Step 5) We need to recompile PIG to support Hadoop 2.2.0

Here are the steps to do this-

Go to PIG home directory

cd $PIG_HOME

Install ant

sudo apt-get install ant

Note: Download will start and will consume time as per your internet speed.

Recompile PIG

sudo ant clean jar-all -Dhadoopversion=23

Please note that, in this recompilation process multiple components are downloaded. So, system should be connected to internet.

Also, in case this process stuck somewhere and you dont see any movement on command prompt for more than 20 minutes then press ctrl + c and rerun the same command.

In our case it takes 20 minutes

Step 6) Test the Pig installation using command

pig -help

PART 2) Pig Demo

Step 7) Start Hadoop

$HADOOP_HOME/sbin/start-dfs.sh

$HADOOP_HOME/sbin/start-yarn.sh

Step 8) Pig takes file from HDFS in MapReduce mode and stores the results back to HDFS.

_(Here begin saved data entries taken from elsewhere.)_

lemma closest_point_of_cell:
  assumes "\<sigma> \<in> range codeword"
  obtains p where "p \<in> closure (cell \<sigma>)" "norm p = cell_dist \<sigma>"
proof -
  have "closure (cell \<sigma>) \<noteq> {}" using assms by (auto simp: cell_def)
  then obtain p where "p \<in> closure (cell \<sigma>)" "infdist 0 (closure (cell \<sigma>)) = dist 0 p"
    using infdist_attains_inf[OF closed_closure] by metis
  moreover have "infdist 0 (closure (cell \<sigma>)) = cell_dist \<sigma>"
    by (simp add: cell_dist_def infdist_eq_setdist)
  ultimately show ?thesis using that by simp
qed

lemma cell_dist_le_norm: "codeword x = \<sigma> \<Longrightarrow> cell_dist \<sigma> \<le> norm x"
  unfolding cell_dist_def using infdist_le[of x "cell \<sigma>" 0] by (simp add: cell_def)

lemma dual_basis_active:
  "\<exists>u. \<forall>g\<in>active p. \<forall>g'\<in>active p. w g' \<bullet> u g = (if g' = g then 1 else 0)"
proof -
  have "independent (w ` active p) \<and> inj_on w (active p)"
    by (rule generic_intersections_independent[OF generic]) (auto simp: active_def)
  then show ?thesis using dual_basis_exists[of w "active p"] by blast
qed

text \<open>Moving away from p in direction d, the inactive sides are kept by continuity, and the
  active ones are decided by the sign of w g \<bullet> d (a zero sign keeps x on the negative side).\<close>
lemma eventually_codeword_on_ray:
  assumes "\<tau> \<subseteq> {1..n}"
    and inactive: "\<And>g. g \<in> {1..n} - active p \<Longrightarrow> g \<in> \<tau> \<longleftrightarrow> h g < w g \<bullet> p"
    and active: "\<And>g. g \<in> active p \<Longrightarrow> (g \<in> \<tau> \<longrightarrow> 0 < w g \<bullet> d) \<and> (g \<notin> \<tau> \<longrightarrow> w g \<bullet> d \<le> 0)"
  shows "eventually (\<lambda>t. codeword (p + t *\<^sub>R d) = \<tau>) (at_right 0)"
proof -
  have "eventually (\<lambda>t. g \<in> \<tau> \<longleftrightarrow> h g < w g \<bullet> (p + t *\<^sub>R d)) (at_right 0)"
    if g: "g \<in> {1..n}" for g
  proof (cases "g \<in> active p")
    case True
    show ?thesis using eventually_at_right_less[of "0::real"]
    proof eventually_elim
      case (elim t)
      have "w g \<bullet> (p + t *\<^sub>R d) = h g + t * (w g \<bullet> d)"
        using True by (simp add: active_def inner_add_right)
      then show ?case using active[OF True] elim by (auto simp: zero_less_mult_iff)
    qed
  next
    case False
    have lim: "((\<lambda>t. w g \<bullet> (p + t *\<^sub>R d)) \<longlongrightarrow> w g \<bullet> (p + 0 *\<^sub>R d)) (at_right (0::real))"
      by (intro tendsto_intros)
    show ?thesis
    proof (cases "h g < w g \<bullet> p")
      case True
      with lim have "eventually (\<lambda>t. h g < w g \<bullet> (p + t *\<^sub>R d)) (at_right 0)"
        by (auto elim!: order_tendstoD(1))
      moreover have "g \<in> \<tau>" using inactive[of g] True g False by blast
      ultimately show ?thesis by simp
    next
      case below: False
      then have "w g \<bullet> p < h g" using False g by (auto simp: active_def)
      with lim have "eventually (\<lambda>t. w g \<bullet> (p + t *\<^sub>R d) < h g) (at_right 0)"
        by (auto elim!: order_tendstoD(2))
      moreover have "g \<notin> \<tau>" using inactive[of g] below g False by blast
      ultimately show ?thesis by (auto elim: eventually_mono)
    qed
  qed
  then have "eventually (\<lambda>t. \<forall>g\<in>{1..n}. g \<in> \<tau> \<longleftrightarrow> h g < w g \<bullet> (p + t *\<^sub>R d)) (at_right 0)"
    by (intro eventually_ball_finite) auto
  then show ?thesis
  proof eventually_elim
    case (elim t)
    then show ?case using assms(1) by (auto simp: codeword_def)
  qed
qed

end

section \<open>Descent from the closest point of a cell\<close>

locale closest_point = generic_arrangement n w h for n w and h :: "nat \<Rightarrow> real" +
  fixes \<sigma> :: "nat set" and p :: 'a and u :: "nat \<Rightarrow> 'a"
  assumes closure: "p \<in> closure (cell \<sigma>)"
    and norm_eq: "norm p = cell_dist \<sigma>"
    and dual: "\<And>g g'. g \<in> active p \<Longrightarrow> g' \<in> active p \<Longrightarrow> w g' \<bullet> u g = (if g' = g then 1 else 0)"
begin

definition side :: "nat \<Rightarrow> real" where
  "side g = (if g \<in> \<sigma> then 1 else -1)"

definition inward :: 'a where
  "inward = (\<Sum>g\<in>active p. side g *\<^sub>R u g)"

definition across :: "nat \<Rightarrow> 'a" where
  "across g = (- side g) *\<^sub>R u g"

Copy file SalesJan2009.csv (stored on local file system, ~/input/SalesJan2009.csv) to HDFS (Hadoop Distributed File System) Home Directory

Here the file is in Folder input. If the file is stored in some other location give that name

$HADOOP_HOME/bin/hdfs dfs -copyFromLocal ~/input/SalesJan2009.csv /

Verify whether file is actually copied of not.

$HADOOP_HOME/bin/hdfs dfs -ls /

Step 9) Pig Configuration

First navigate to $PIG_HOME/conf

cd $PIG_HOME/conf

sudo cp pig.properties pig.properties.original

Open pig.properties using text editor of your choice, and specify log file path using pig.logfile

sudo gedit pig.properties

Loger will make use of this file to log errors.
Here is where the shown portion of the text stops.